Onderzoek laat zien hoeveel vezels we moeten eten om ziekten te voorkomen

Een nieuwe meta-analyse onderzoekt 40 jaar aan onderzoek in een poging om de ideale hoeveelheid vezels te vinden die we zouden moeten consumeren om chronische ziekten en vroegtijdige sterfte te voorkomen.

Volkoren granen en fruit zijn uitstekende bronnen van vezels.

Onderzoekers en volksgezondheidsorganisaties hebben de voordelen van het eten van vezels al lang geprezen, maar hoeveel vezels moeten we precies consumeren?

Deze vraag heeft de Wereldgezondheidsorganisatie (WHO) ertoe aangezet om een ​​nieuwe studie te laten uitvoeren. De resultaten verschijnen in het dagboek The Lancet.

Het nieuwe onderzoek was bedoeld om te helpen bij het ontwikkelen van nieuwe richtlijnen voor de consumptie van voedingsvezels, en om te onthullen welke koolhydraten het meest beschermen tegen niet-overdraagbare ziekten en gewichtstoename kunnen voorkomen.

Niet-overdraagbare ziekten worden ook wel chronische ziekten genoemd. Ze duren meestal lang en vorderen langzaam. Volgens de WHO zijn er "vier hoofdtypen van niet-overdraagbare ziekten:" hart- en vaatziekten, kanker, chronische aandoeningen van de luchtwegen en diabetes.

Professor Jim Mann, van de Universiteit van Otago in Nieuw-Zeeland, is de corresponderende auteur van de studie, en Andrew Reynolds, een postdoctoraal onderzoeker aan de Dunedin School of Medicine van Otago, is de eerste auteur van het artikel.

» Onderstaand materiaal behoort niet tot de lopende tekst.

definition layer :: "nat \<Rightarrow> layer" where
  "layer l = (if l < L - 1 then map (neuron l) [0..<width]
              else map (\<lambda>c. neuron l (2*d + c)) [0..<K])"

definition net :: "layer list" where
  "net = map layer [0..<L]"

lemma length_net: "length net = L"
  by (simp add: net_def)

lemma length_hidden_layer: "l < L - 1 \<Longrightarrow> length (net ! l) = width"
  by (simp add: net_def layer_def)

lemma length_output_layer: "length (net ! (L - 1)) = K"
  using layers by (simp add: net_def layer_def)

lemma eval_input_neuron:
  assumes i: "i < n" and j: "j < width"
  shows "eval_neuron d (neuron 0 j) (x i) = activation 0 i j"
proof -
  have x_bound: "\<bar>x i k\<bar> \<le> R" if "k < d" for k
    using activation_bound[of 0 i k] layers i that by (simp add: activation_def signed_coords_def width_def)
  consider "j < d" | "d \<le> j" "j < 2*d" | "2*d \<le> j" "j < 2*d + K" | "2*d + K \<le> j" by linarith
  then show ?thesis
  proof cases
    case 1
    then show ?thesis
      using eval_max_neuron[of "{j}" d "\<lambda>_. 1" "x i" R "\<lambda>_. 0" H]
        x_bound bound_nonneg offset_large
      by (simp add: neuron_def activation_def signed_coords_def)
  next
    case 2
    then show ?thesis
      using eval_max_neuron[of "{j - d}" d "\<lambda>_. -1" "x i" R "\<lambda>_. 0" H]
        x_bound bound_nonneg offset_large
      by (simp add: neuron_def activation_def signed_coords_def)
  next
    case 3
    then show ?thesis by (simp add: neuron_def activation_def eval_neuron_def)
  next
    case 4
    then show ?thesis by (simp add: neuron_def activation_def eval_neuron_def point_dist_def)
  qed
qed

lemma eval_hidden_neuron:
  assumes i: "i < n" and l: "0 < l" "l < L" and j: "j < width"
    and u: "\<And>k. k < width \<Longrightarrow> u k = activation (l - 1) i k"
  shows "eval_neuron width (neuron l j) u = activation l i j"
proof -
  have u_bound: "\<bar>u k\<bar> \<le> R" if "k < width" for k
    using activation_bound[of "l - 1" i k] u[OF that] i l that by simp
  consider "j < 2*d" | "2*d \<le> j" "j < 2*d + K" | "2*d + K \<le> j" by linarith
  then show ?thesis
  proof cases
    case 1
    then show ?thesis
      using eval_max_neuron[of "{j}" width "\<lambda>_. 1" u R "\<lambda>_. 0" H]
        u_bound u[OF j] j l bound_nonneg offset_large
      by (simp add: neuron_def activation_def)
  next
    case 2
    define c where "c = j - 2*d"
    define S where "S = insert j ((+) (2*d + K) ` batch (l - 1) c)"
    have "neuron l j = max_neuron H S (\<lambda>k. if k = j then 1 else -1) (\<lambda>_. 0)"
      using 2 l by (simp add: neuron_def S_def c_def)
    also have "eval_neuron width \<dots> u = Max ((\<lambda>k. (if k = j then 1 else -1) * u k - 0) ` S)"
      by (intro eval_max_neuron[where R = R] u_bound offset_large)
        (use j bound_nonneg in \<open>auto simp: S_def batch_def width_def\<close>)
    also have "(\<lambda>k. (if k = j then 1 else -1) * u k - 0) ` S
        = insert (score (l - 1) c i) ((\<lambda>t. - point_dist i ((l - 1)*N + t)) ` batch (l - 1) c)"
      using 2 j u unfolding S_def c_def
      by (auto simp: image_image activation_def batch_def width_def intro!: image_cong)
    also have "Max \<dots> = score l c i"
      using l by (cases l) auto
    finally show ?thesis using 2 by (simp add: activation_def c_def)
  next
    case 3
    define p where "p = l*N + (j - 2*d - K)"
    have "p < L*N"
    proof -
      have "p < Suc l * N" using j 3 unfolding p_def width_def by simp
      also have "\<dots> \<le> L*N" using l by (intro mult_le_mono1) simp
      finally show ?thesis .
    qed
    have "neuron l j = max_neuron H {..<2*d} (\<lambda>_. 1) (signed_coords d (x p))"
      using 3 l by (simp add: neuron_def p_def)
    also have "eval_neuron width \<dots> u = Max ((\<lambda>k. 1 * u k - signed_coords d (x p) k) ` {..<2*d})"
      using \<open>p < L*N\<close> dim_pos
      by (intro eval_max_neuron[where R = R] u_bound offset_large)
        (auto simp: signed_coords_def width_def point_bound lessThan_empty_iff)
    also have "\<dots> = Max (signed_coords d (\<lambda>k. x i k - x p k) ` {..<2*d})"
      using u by (intro arg_cong[where f = Max] image_cong) (auto simp: activation_def signed_coords_def width_def)
    also have "\<dots> = activation l i j"
      using 3 dim_pos by (simp add: Max_signed_coords activation_def point_dist_def p_def)
    finally show ?thesis .
  qed
qed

Prof. Mann legt de motivatie voor het onderzoek uit door te zeggen: "Eerdere beoordelingen en meta-analyses hebben gewoonlijk één enkele indicator van koolhydraatkwaliteit en een beperkt aantal ziekten onderzocht, dus het was niet mogelijk om vast te stellen welke voedingsmiddelen aan te bevelen zijn als bescherming tegen een reeks voorwaarden. "

Om daar achter te komen, voerden de onderzoekers een meta-analyse uit van observationele onderzoeken en klinische onderzoeken.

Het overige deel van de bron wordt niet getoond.